Вблизи тот предмет походил на примитивную избушку. Причём, стёкла в оконцах выбиты, двери по частям из печурки давно дымом вышли. Удивляться излишне. Советская власть заботой о ненцах перебирала. А те, самой малостью на собственный лад, трогательное попечение подправляли. Ведь нет жилья лучше чума! Значит, смотрелки со стекляшками к чему? Дверь туда-сюда дёргать, дураков поищите. То ли дело завесить всё оленьими шкурами. Сразу тепло и глазам казисто. Попаслись олешки – опять двинулись на нетоптанный ягель35. Шкуры снятые в нартах поедут. Без всякой блазни и на новом месте ни стеколок, ни дверей. «Лишнего, однако, тундра не любит». Любой малолеток в малице о том вас просветит да ещё курнуть попросит.

Окаменели наши мужики перед сквозной всем ветрам холобудой. Недобрыми выражениями прошлись по кэпу, спроста ли затемнившему, с чем они столкнутся? По ощущениям, тамошний октябрь месяц, не уступал архангельскому декабрю. Поэтому, перво-наперво надо, хоть как-то согреться. В том переживаемом случае – спирт идеален. Вскрыли все три приснопамятные стеклянные банки вкуснейшей тогдашней тушёнки. Чуток огненную жидкость развели и выпили за удачность рыбалки. Такое сразу примирило их со всем на свете. Даже крайне прикольным казалось теперь само их обиталище. Холод смягчился лучшим настроем душ. Решили прикончить бутыль, чтоб завтра не было искушения, заодно и всю закуску. Ну, а с утречка поставят на мелководье сети. Да и ловись царская рыбка, экая по россказням Галайкина прёт нынче косяками из Карского моря. Само собой, отборной горячей ухой забалуются. Там и «Протей» подскочит, будя фактория по приёмке несметного улова. Они же гордо отбудут налегке. В судовой баньке с парком ужо как(!) поблаженствуют на полке, пока уши не начнут заворачиваться. Утешно погревшись воображаемым жаром, заняли себя тёрками на близкие водолазные темы.

Занимательной оказалась история про спасение теплохода «Архангельсклес», пропоротого адской машинкой, подсунутой (по догадке) норгами. Разом на два трюма пробоина, гарантировала каюк за минуты. Это ни какое-то там чтиво, высосанное писакой из пальца. Живым свидетелем и ликвидатором тихушного ЧП – сам рассказчик Анатолий. Главным дядькою, старшиной был Пётр Рогальский, третьим – Иван Вербицкий. И всё на том же самом «Протее». Одной станцией без сна и роздыха, как заранее списанные в расход зэки, помогли судну до порта дотащиться. Подключать в помощь другие станции, да и любую замену тем водолазам, строжайше запретили смотрящие выше некуда.

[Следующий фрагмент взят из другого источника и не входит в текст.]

text \<open>Transition kernel of the NFAR chain X_{t+1} = \<Psi>(X_t) + \<xi>_t, evaluated at time 1:
  P(X_2 \<in> A | X_1 = x) = P(\<Psi> x + \<xi>_1 \<in> A), since \<xi>_1 is independent of F_1.\<close>

definition nfar_kernel :: "'w measure \<Rightarrow> (nat \<Rightarrow> 'w \<Rightarrow> 'a::real_normed_vector) \<Rightarrow> ('a \<Rightarrow> 'a) \<Rightarrow> 'a \<Rightarrow> 'a set \<Rightarrow> ennreal" where
  "nfar_kernel M \<xi> \<Psi> x A = emeasure M {\<omega> \<in> space M. \<Psi> x + \<xi> 1 \<omega> \<in> A}"

definition invariant_measure :: "'w measure \<Rightarrow> (nat \<Rightarrow> 'w \<Rightarrow> 'a::{real_normed_vector}) \<Rightarrow> ('a \<Rightarrow> 'a) \<Rightarrow> 'a measure \<Rightarrow> bool" where
  "invariant_measure M \<xi> \<Psi> \<pi> \<longleftrightarrow> prob_space \<pi> \<and> sets \<pi> = sets borel \<and>
     (\<forall>A\<in>sets borel. (\<integral>\<^sup>+ x. nfar_kernel M \<xi> \<Psi> x A \<partial>\<pi>) = emeasure \<pi> A)"

end

theory Submission
  imports Defs
begin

Очевидно, в Москве семидесятых годов больше всего убоялись обидеть натовскою карлицу Норвегию засветкой её подлянки. Местным простакам втолковали на низовом уровне начальства удобоваримое: «Угольный газ в трюмах рванул. Во!» А то, что крайчики семиметровой пробоины почему-то во внутрь загнуты, необсуждаемый молчок. С какого-такого перепуга не проявилась ни в чём накачка массы Советского Союза?! Не поняли ни те давешние парни, ни редкие, кого поневоле к тайне рваного борта допустили. Неужели так политесно деликатничали изо концессии добывать на шпице36 убыточный дряной уголёк?! Поматерившись в верхний партийный адрес, героические водолазы перешли к фишечкам мелких житейских луж. Развлекли себя анекдотами и, утеснившись друг к другу, заснули в реальном полярном вытрезвителе.

 

Сыграть побудку пришлось преждевременно. Ни с того ни с сего, завыл ветрище. Касательно их слуха, точно в жуткой аэродинамической трубе. Шторм! Только его не хватало. Вся прекрасно расписанная Галайкиным вылазка на берег, украдена чертями. Кошмарней облома то, что матросам «Протея» не подойти за ними на шлюпке. Так вляпаться! Жратвы вовсе нет. Спасибо, хоть одеты и совсем недавно были сытые, по водолазную мерку хмельные. С практичной смёткой уселись спиной к подветренной стеночке избушки. Теперь та осознавалась ни столь критично и даже тянула на подарок судьбы. Двоим от третьего, захотелось проявления, что ни на есть власти:

– Чего делать, старшина?

– Чего делать, чего делать, – передразнил Анатолий, – Смолить и к стенке ставить. Грубоватая шутливость помогла. И, как вовсе сообразное ночному времечку, старшинское веление:

– Досыпать будем.

Утром, избавленные от завтрака, подались до кромки берега. Одно гуляние волн, украшенных гребешками и пеной, выглядело для них тоскливей любого болота. Уж лучше обратно. Под прикрытием стеночки стали коротать неспешное времечко, занимая себя разговором. Около 12-ти кто-то в подначку напомнил:

– Поди, сейчас в столовой команды поварёшками восьмёрки в супнице выписывают. От подобного каламбура все насупились и долго молчали. Каждый про себя прикинул: «На трое суток, не иначе, погодка разгулялась. Ё-моё!»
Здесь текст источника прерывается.